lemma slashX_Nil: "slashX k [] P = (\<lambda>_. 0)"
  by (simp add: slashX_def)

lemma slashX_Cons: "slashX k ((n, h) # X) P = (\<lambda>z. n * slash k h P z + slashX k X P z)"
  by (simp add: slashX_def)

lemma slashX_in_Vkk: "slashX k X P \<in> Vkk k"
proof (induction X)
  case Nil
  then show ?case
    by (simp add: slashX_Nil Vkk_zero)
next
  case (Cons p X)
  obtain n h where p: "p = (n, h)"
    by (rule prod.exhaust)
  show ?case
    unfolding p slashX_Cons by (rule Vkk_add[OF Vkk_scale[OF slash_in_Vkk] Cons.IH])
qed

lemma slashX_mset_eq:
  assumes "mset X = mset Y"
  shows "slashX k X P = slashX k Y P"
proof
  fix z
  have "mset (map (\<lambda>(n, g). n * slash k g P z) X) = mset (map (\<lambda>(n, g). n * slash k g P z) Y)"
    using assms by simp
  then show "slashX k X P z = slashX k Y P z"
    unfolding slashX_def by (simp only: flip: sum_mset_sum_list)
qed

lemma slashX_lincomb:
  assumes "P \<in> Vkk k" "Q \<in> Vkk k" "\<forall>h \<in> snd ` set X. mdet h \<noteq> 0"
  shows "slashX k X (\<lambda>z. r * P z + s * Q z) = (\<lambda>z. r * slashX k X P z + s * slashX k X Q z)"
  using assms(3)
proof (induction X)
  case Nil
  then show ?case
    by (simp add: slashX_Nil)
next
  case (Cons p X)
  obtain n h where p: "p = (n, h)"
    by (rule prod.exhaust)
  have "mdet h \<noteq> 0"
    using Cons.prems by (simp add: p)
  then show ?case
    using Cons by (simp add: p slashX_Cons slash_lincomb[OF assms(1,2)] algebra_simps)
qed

Goal of the exercise - All lines with the word "lemma" need to be copied from the data above.

Response to this exercise -
lemma slashX_Nil: "slashX k [] P = (\<lambda>_. 0)"
lemma slashX_Cons: "slashX k ((n, h) # X) P = (\<lambda>z. n * slash k h P z + slashX k X P z)"
lemma slashX_in_Vkk: "slashX k X P \<in> Vkk k"
lemma slashX_mset_eq:
lemma slashX_lincomb:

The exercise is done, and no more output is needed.